Directions for this task ->
Starting at the top of the data and ending with the line that holds "((\<forall>n::nat. n >", transcribe each line exactly; include both ends.

Recorded data ->
^^^^^^^^
(* If $K\subseteq L\subseteq M$ are finite extensions inside $\bar K$, then $t_K(L)\mid t_K(M)$.
   Context: $K$ is a perfect field with a fixed algebraic closure $\bar K$. For a finite extension $P/K$, the ascending index $t_K(P)=[F:K]$, where $F$ is the unique subfield of $P$ that is Galois over $K$ of maximum possible degree. *)

theory Defs
  imports "HOL-Computational_Algebra.Primes" "HOL-Algebra.Algebraic_Closure" "HOL-Algebra.Finite_Extensions"
begin

text \<open>Conventions: the ambient structure R plays the role of the fixed algebraic
closure of K; all fields are subfields (carrier subsets) of R.\<close>

definition (in ring) perfect_subfield :: "'a set \<Rightarrow> bool" where
  "perfect_subfield K \<longleftrightarrow> subfield K R \<and>
     ((\<forall>n::nat. n > 0 \<longrightarrow> [n] \<cdot> \<one> \<noteq> \<zero>) \<or>
      (\<exists>p::nat. Factorial_Ring.prime p \<and> [p] \<cdot> \<one> = \<zero> \<and> (\<forall>x\<in>K. \<exists>y\<in>K. y [^] p = x)))"

definition (in ring) galois_over :: "'a set \<Rightarrow> 'a set \<Rightarrow> bool" where
  "galois_over K F \<longleftrightarrow> subfield F R \<and> K \<subseteq> F \<and>
     (\<forall>x\<in>F. \<forall>y\<in>carrier R. eval (Irr K x) y = \<zero> \<longrightarrow> y \<in> F) \<and>
     (\<forall>x\<in>F. \<forall>y\<in>carrier R. alg_mult (Irr K x) y \<le> 1)"

text \<open>Ascending index t_K(P) = [F:K], F the maximal-degree subfield of P Galois
over K (unique, so the maximum of the degrees is its degree).\<close>
definition (in ring) ascending_index :: "'a set \<Rightarrow> 'a set \<Rightarrow> nat" where
  "ascending_index K P = Max {dim K F | F. F \<subseteq> P \<and> galois_over K F}"

end

(*
  Let F_L <= L and F_M <= M be Galois subextensions of maximal degrees t_K(L) and t_K(M).
  Their compositum G lies in M and is again Galois over K. It is normal: a K-embedding of
  K(x) sending x to a conjugate y extends to G because R is algebraically closed, and it
  maps the generators of G, which lie in the normal fields F_L and F_M, back into G.
  It is separable because K is perfect: an irreducible polynomial g with a multiple root
  has derivative zero; in characteristic 0 this is absurd, and in characteristic p only
  powers X^(pj) occur in g, so taking p-th roots of the coefficients yields a polynomial h
  of smaller degree with h(x)^p = g(x) = 0, contradicting minimality.
  By maximality [G:K] = t_K(M), and as F_L <= G the tower law makes t_K(L) = [F_L:K]
  a divisor of [G:K].
*)

theory Submission
  imports Defs "HOL-Algebra.Multiplicative_Group"
begin

section \<open>Polynomials given by their coefficients and the formal derivative\<close>

context ring
begin

text \<open>Coefficient lists start with the leading coefficient, hence the reversal.\<close>

definition poly_of_coeffs :: "nat \<Rightarrow> (nat \<Rightarrow> 'a) \<Rightarrow> 'a list"
  where "poly_of_coeffs n f = normalize (map f (rev [0..<n]))"

lemma coeff_map_rev_upt: "coeff (map f (rev [0..<n])) i = (if i < n then f i else \<zero>)"
  by (induction n) auto

lemma coeff_poly_of_coeffs: "coeff (poly_of_coeffs n f) i = (if i < n then f i else \<zero>)"
  unfolding poly_of_coeffs_def normalize_coeff[symmetric] by (rule coeff_map_rev_upt)

lemma length_poly_of_coeffs_le: "length (poly_of_coeffs n f) \<le> n"
  unfolding poly_of_coeffs_def using normalize_length_le[of "map f (rev [0..<n])"] by simp

lemma poly_of_coeffs_polynomial:
  assumes "\<And>i. i < n \<Longrightarrow> f i \<in> K" shows "polynomial K (poly_of_coeffs n f)"
  unfolding poly_of_coeffs_def using assms by (intro normalize_gives_polynomial) auto

lemma coeff_in_subring:
  assumes "subring K R" "set p \<subseteq> K" shows "coeff p i \<in> K"
proof -
  have "coeff p i \<in> insert \<zero> (set p)" using coeff_img(3)[of p] by blast
  then show ?thesis using assms(2) subringE(2)[OF assms(1)] by auto
qed

lemma eval_eq_finsum:
  assumes p: "set p \<subseteq> carrier R" and x: "x \<in> carrier R" and n: "length p \<le> n"
  shows "eval p x = (\<Oplus>i\<in>{..<n}. coeff p i \<otimes> x [^] i)"
proof -
  have "eval p x = (\<Oplus>i\<in>{..<length p}. coeff p i \<otimes> x [^] i)"
    using p
  proof (induction p)
    case (Cons c p)
    then have c: "c \<in> carrier R" and sp: "set p \<subseteq> carrier R" by auto
    have "(\<Oplus>i\<in>{..<length (c # p)}. coeff (c # p) i \<otimes> x [^] i)
        = c \<otimes> x [^] length p \<oplus> (\<Oplus>i\<in>{..<length p}. coeff p i \<otimes> x [^] i)"
      using c sp x by (simp add: lessThan_Suc finsum_insert) (intro finsum_cong', auto)
    with Cons.IH[OF sp] show ?case by simp
  qed simp
  also have "\<dots> = (\<Oplus>i\<in>{..<n}. coeff p i \<otimes> x [^] i)"
    by (rule add.finprod_mono_neutral_cong_left)
       (use n coeff_length[of p] coeff_in_carrier[OF p] x in auto)
  finally show ?thesis .
qed

lemma eval_poly_of_coeffs:
  assumes f: "\<And>i. i < n \<Longrightarrow> f i \<in> carrier R" and x: "x \<in> carrier R"
  shows "eval (poly_of_coeffs n f) x = (\<Oplus>i\<in>{..<n}. f i \<otimes> x [^] i)"
proof -
  have "set (poly_of_coeffs n f) \<subseteq> carrier R"
    using polynomial_incl[OF poly_of_coeffs_polynomial[OF f]] .
  then have "eval (poly_of_coeffs n f) x = (\<Oplus>i\<in>{..<n}. coeff (poly_of_coeffs n f) i \<otimes> x [^] i)"
    using eval_eq_finsum x length_poly_of_coeffs_le by blast
  then show ?thesis
    unfolding coeff_poly_of_coeffs by (auto intro: finsum_cong' simp: f x)
qed

definition poly_deriv :: "'a list \<Rightarrow> 'a list"
  where "poly_deriv p = poly_of_coeffs (degree p) (\<lambda>i. [Suc i] \<cdot> coeff p (Suc i))"

lemma coeff_poly_deriv: "coeff (poly_deriv p) i = [Suc i] \<cdot> coeff p (Suc i)"
  unfolding poly_deriv_def coeff_poly_of_coeffs using coeff_degree[of p "Suc i"] by auto

lemma length_poly_deriv_le: "length (poly_deriv p) \<le> degree p"
  unfolding poly_deriv_def by (rule length_poly_of_coeffs_le)

lemma poly_deriv_polynomial:
  assumes K: "subring K R" and p: "set p \<subseteq> K" shows "polynomial K (poly_deriv p)"
proof -
  have "[n] \<cdot> coeff p i \<in> K" for n :: nat and i
    using coeff_in_subring[OF K p] by (induction n) (auto simp: subringE(2,7)[OF K])
  then show ?thesis unfolding poly_deriv_def by (intro poly_of_coeffs_polynomial)
qed

lemma poly_deriv_in_carrier: "set p \<subseteq> carrier R \<Longrightarrow> set (poly_deriv p) \<subseteq> carrier R"
  using polynomial_incl[OF poly_deriv_polynomial[OF carrier_is_subring]] .

end

context domain
begin

lemma coeff_poly_mult_linear:
  assumes a: "a \<in> carrier R" and q: "set q \<subseteq> carrier R"
  shows "coeff (poly_mult [\<one>, a] q) i = (if i = 0 then \<zero> else coeff q (i - 1)) \<oplus> a \<otimes> coeff q i"
proof -
  have split: "poly_mult [\<one>, a] q = poly_add (map (\<lambda>b. \<one> \<otimes> b) q @ [\<zero>]) (poly_mult [a] q)"
    by simp
  have s1: "set (map (\<lambda>b. \<one> \<otimes> b) q @ [\<zero>]) \<subseteq> carrier R" using q by auto
  have s2: "set (poly_mult [a] q) \<subseteq> carrier R" using poly_mult_in_carrier[of "[a]" q] a q by auto
  have c1: "coeff (map (\<lambda>b. \<one> \<otimes> b) q @ [\<zero>]) i = (if i = 0 then \<zero> else coeff q (i - 1))"
    unfolding append_coeff scalar_coeff[OF one_closed] using coeff_in_carrier[OF q] by auto
  have c2: "coeff (poly_mult [a] q) i = a \<otimes> coeff q i"
    unfolding poly_mult_const'(1)[OF q a] using normalize_coeff scalar_coeff[OF a] by metis
  show ?thesis unfolding split poly_add_coeff[OF s1 s2] c1 c2 ..
qed

lemma poly_deriv_mult_linear:
  assumes a: "a \<in> carrier R" and q: "set q \<subseteq> carrier R"
  shows "poly_deriv (poly_mult [\<one>, a] q) = poly_add q (poly_mult [\<one>, a] (poly_deriv q))"
proof -
  have lin: "set [\<one>, a] \<subseteq> carrier R" using a by auto
  have lin_q: "set (poly_mult [\<one>, a] q) \<subseteq> carrier R" using poly_mult_in_carrier[OF lin q] .
  have dq: "set (poly_deriv q) \<subseteq> carrier R" using poly_deriv_in_carrier[OF q] .
  have lin_dq: "set (poly_mult [\<one>, a] (poly_deriv q)) \<subseteq> carrier R"
    using poly_mult_in_carrier[OF lin dq] .
  have "coeff (poly_deriv (poly_mult [\<one>, a] q)) i
      = coeff (poly_add q (poly_mult [\<one>, a] (poly_deriv q))) i" for i
  proof -
    have ci: "coeff q i \<in> carrier R" "coeff q (Suc i) \<in> carrier R" using coeff_in_carrier[OF q] by auto
    have "[Suc i] \<cdot> coeff q i = coeff q i \<oplus> (if i = 0 then \<zero> else [i] \<cdot> coeff q i)"
      using ci by (cases i) (auto simp: add.nat_pow_Suc add.m_comm)
    moreover have "[Suc i] \<cdot> (a \<otimes> coeff q (Suc i)) = a \<otimes> ([Suc i] \<cdot> coeff q (Suc i))"
      using add_pow_rdistr[OF a ci(2)] by (simp del: add.nat_pow_Suc)
    ultimately have "[Suc i] \<cdot> (coeff q i \<oplus> a \<otimes> coeff q (Suc i))
        = coeff q i \<oplus> ((if i = 0 then \<zero> else [i] \<cdot> coeff q i) \<oplus> a \<otimes> ([Suc i] \<cdot> coeff q (Suc i)))"
      using ci a by (simp add: add.nat_pow_distrib add.m_assoc del: add.nat_pow_Suc)
    then show ?thesis
      unfolding coeff_poly_deriv coeff_poly_mult_linear[OF a q] poly_add_coeff[OF q lin_dq]
        coeff_poly_mult_linear[OF a dq]
      by (cases i) (simp_all add: coeff_poly_deriv)
  qed
  moreover have "polynomial (carrier R) (poly_deriv (poly_mult [\<one>, a] q))"
    using poly_deriv_polynomial[OF carrier_is_subring lin_q] .
  moreover have "polynomial (carrier R) (poly_add q (poly_mult [\<one>, a] (poly_deriv q)))"
    using poly_add_is_polynomial[OF carrier_is_subring q lin_dq] .
  ultimately show ?thesis using coeff_iff_polynomial_cond by blast
qed

lemma eval_poly_deriv_at_double_root:
  assumes y: "y \<in> carrier R" and g: "g \<in> carrier (poly_ring R)"
    and dvd: "([\<one>, \<ominus> y] [^]\<^bsub>poly_ring R\<^esub> (2::nat)) pdivides g"
  shows "eval (poly_deriv g) y = \<zero>"
proof -
  interpret UP: domain "poly_ring R" using univ_poly_is_domain[OF carrier_is_subring] .
  let ?lin = "[\<one>, \<ominus> y]"
  have lin: "?lin \<in> carrier (poly_ring R)"
    using y unfolding sym[OF univ_poly_carrier] polynomial_def by auto
  have lin_set: "set ?lin \<subseteq> carrier R" using y by auto
  obtain r where r: "r \<in> carrier (poly_ring R)" "g = (?lin [^]\<^bsub>poly_ring R\<^esub> (2::nat)) \<otimes>\<^bsub>poly_ring R\<^esub> r"
    using dvd unfolding pdivides_def factor_def by auto
  define q where "q = ?lin \<otimes>\<^bsub>poly_ring R\<^esub> r"
  have "q \<in> carrier (poly_ring R)" unfolding q_def using lin r(1) by simp
  then have q: "set q \<subseteq> carrier R"
    using polynomial_incl unfolding sym[OF univ_poly_carrier] by blast
  have r_set: "set r \<subseteq> carrier R" using r(1) polynomial_incl unfolding sym[OF univ_poly_carrier] by auto
  have "?lin [^]\<^bsub>poly_ring R\<^esub> (2::nat) = ?lin \<otimes>\<^bsub>poly_ring R\<^esub> ?lin"
    using lin by (simp add: numeral_2_eq_2)
  then have "g = ?lin \<otimes>\<^bsub>poly_ring R\<^esub> q"
    using r lin UP.m_assoc unfolding q_def by simp
  then have g_eq: "g = poly_mult ?lin q"
    unfolding univ_poly_mult .
  have lin_root: "eval ?lin y = \<zero>" using y by (simp, algebra)
  have q_root: "eval q y = \<zero>" unfolding q_def univ_poly_mult
    using eval_poly_mult[OF lin_set r_set y] lin_root eval_in_carrier[OF r_set y] by simp
  have dq: "set (poly_deriv q) \<subseteq> carrier R" using poly_deriv_in_carrier[OF q] .
  have "eval (poly_deriv g) y = eval q y \<oplus> eval (poly_mult ?lin (poly_deriv q)) y"
    unfolding g_eq poly_deriv_mult_linear[OF add.inv_closed[OF y] q]
    using eval_poly_add[OF q poly_mult_in_carrier[OF lin_set dq] y] .
  also have "\<dots> = \<zero>"
    using q_root eval_poly_mult[OF lin_set dq y] lin_root eval_in_carrier[OF dq y] by simp
  finally show ?thesis .
qed

lemma coeff_eq_zero_if_poly_deriv_eq_Nil:
  assumes g: "set g \<subseteq> carrier R" and deriv: "poly_deriv g = []" and n: "[n] \<cdot> \<one> \<noteq> \<zero>"
  shows "coeff g n = \<zero>"
proof -
  obtain i where i: "n = Suc i" using n by (cases n) auto
  have "[n] \<cdot> coeff g n = \<zero>"
    using coeff_poly_deriv[of g i] deriv i by (simp del: add.nat_pow_Suc)
  then have "([n] \<cdot> \<one>) \<otimes> coeff g n = \<zero>"
    using add_pow_ldistr[OF one_closed coeff_in_carrier[OF g]] coeff_in_carrier[OF g] by simp
  then show ?thesis using n coeff_in_carrier[OF g] integral_iff by auto
qed

end

section \<open>Characteristic \<open>p\<close> and the Frobenius map\<close>

context cring
begin
(* If $X$ and $X'$ are homotopy equivalent topological spaces, then $\mathrm{TC}_g(X)=\mathrm{TC}_g(X')$; that is, the generalized topological complexity depends only on the homotopy type of the space.
   Context: For a space $X$, let $X^I$ be the space of continuous paths $[0,1]\to X$ with the compact-open topology and $\pi_X:X^I\rightarrow X\times X$, $\pi_X(\alpha)=(\alpha(0),\alpha(1))$. The generalized topological complexity $\mathrm{TC}_g(X)$ is the least nonnegative integer $n$ such that $X\times X$ admits a cover by $n+1$ arbitrary (not necessarily open) subsets $A_0,\dots,A_n$ on each of which there exists a continuous local section $s_i:A_i\to X^I$ of $\pi_X$ (i.e. $\pi_X\circ s_i$ is the inclusion); $\mathrm{TC}_g(X)=\infty$ if no such $n$ exists. *)

theory Defs
  imports "HOL-Analysis.Analysis" "HOL-Library.FuncSet" "HOL-Library.Extended_Nat"
begin

abbreviation unit_interval_top :: "real topology" where
  "unit_interval_top \<equiv> top_of_set {0..1}"

text \<open>Underlying set of the path space X^I: continuous maps [0,1] -> X,
  represented extensionally (value undefined outside [0,1]).\<close>
definition paths_of :: "'a topology \<Rightarrow> (real \<Rightarrow> 'a) set" where
  "paths_of X = {f. continuous_map unit_interval_top X f \<and> f \<in> extensional {0..1}}"

definition path_space :: "'a topology \<Rightarrow> (real \<Rightarrow> 'a) topology" where
  "path_space X = topology_generated_by
     {{f \<in> paths_of X. f ` K \<subseteq> U} | K U. compactin unit_interval_top K \<and> openin X U}"

definition endpoints :: "(real \<Rightarrow> 'a) \<Rightarrow> 'a \<times> 'a" where
  "endpoints \<alpha> = (\<alpha> 0, \<alpha> 1)"

definition has_local_section :: "'a topology \<Rightarrow> ('a \<times> 'a) set \<Rightarrow> bool" where
  "has_local_section X A \<longleftrightarrow>
     (\<exists>s. continuous_map (subtopology (prod_topology X X) A) (path_space X) s \<and>
          (\<forall>a\<in>A. endpoints (s a) = a))"

definition tcg_cover :: "'a topology \<Rightarrow> nat \<Rightarrow> bool" where
  "tcg_cover X n \<longleftrightarrow>
     (\<exists>A :: nat \<Rightarrow> ('a \<times> 'a) set.
        (\<Union>i\<le>n. A i) = topspace X \<times> topspace X \<and>
        (\<forall>i\<le>n. has_local_section X (A i)))"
^^^^^^^^
Answer section ->
(* If $K\subseteq L\subseteq M$ are finite extensions inside $\bar K$, then $t_K(L)\mid t_K(M)$.
   Context: $K$ is a perfect field with a fixed algebraic closure $\bar K$. For a finite extension $P/K$, the ascending index $t_K(P)=[F:K]$, where $F$ is the unique subfield of $P$ that is Galois over $K$ of maximum possible degree. *)

theory Defs
  imports "HOL-Computational_Algebra.Primes" "HOL-Algebra.Algebraic_Closure" "HOL-Algebra.Finite_Extensions"
begin

text \<open>Conventions: the ambient structure R plays the role of the fixed algebraic
closure of K; all fields are subfields (carrier subsets) of R.\<close>

definition (in ring) perfect_subfield :: "'a set \<Rightarrow> bool" where
  "perfect_subfield K \<longleftrightarrow> subfield K R \<and>
     ((\<forall>n::nat. n > 0 \<longrightarrow> [n] \<cdot> \<one> \<noteq> \<zero>) \<or>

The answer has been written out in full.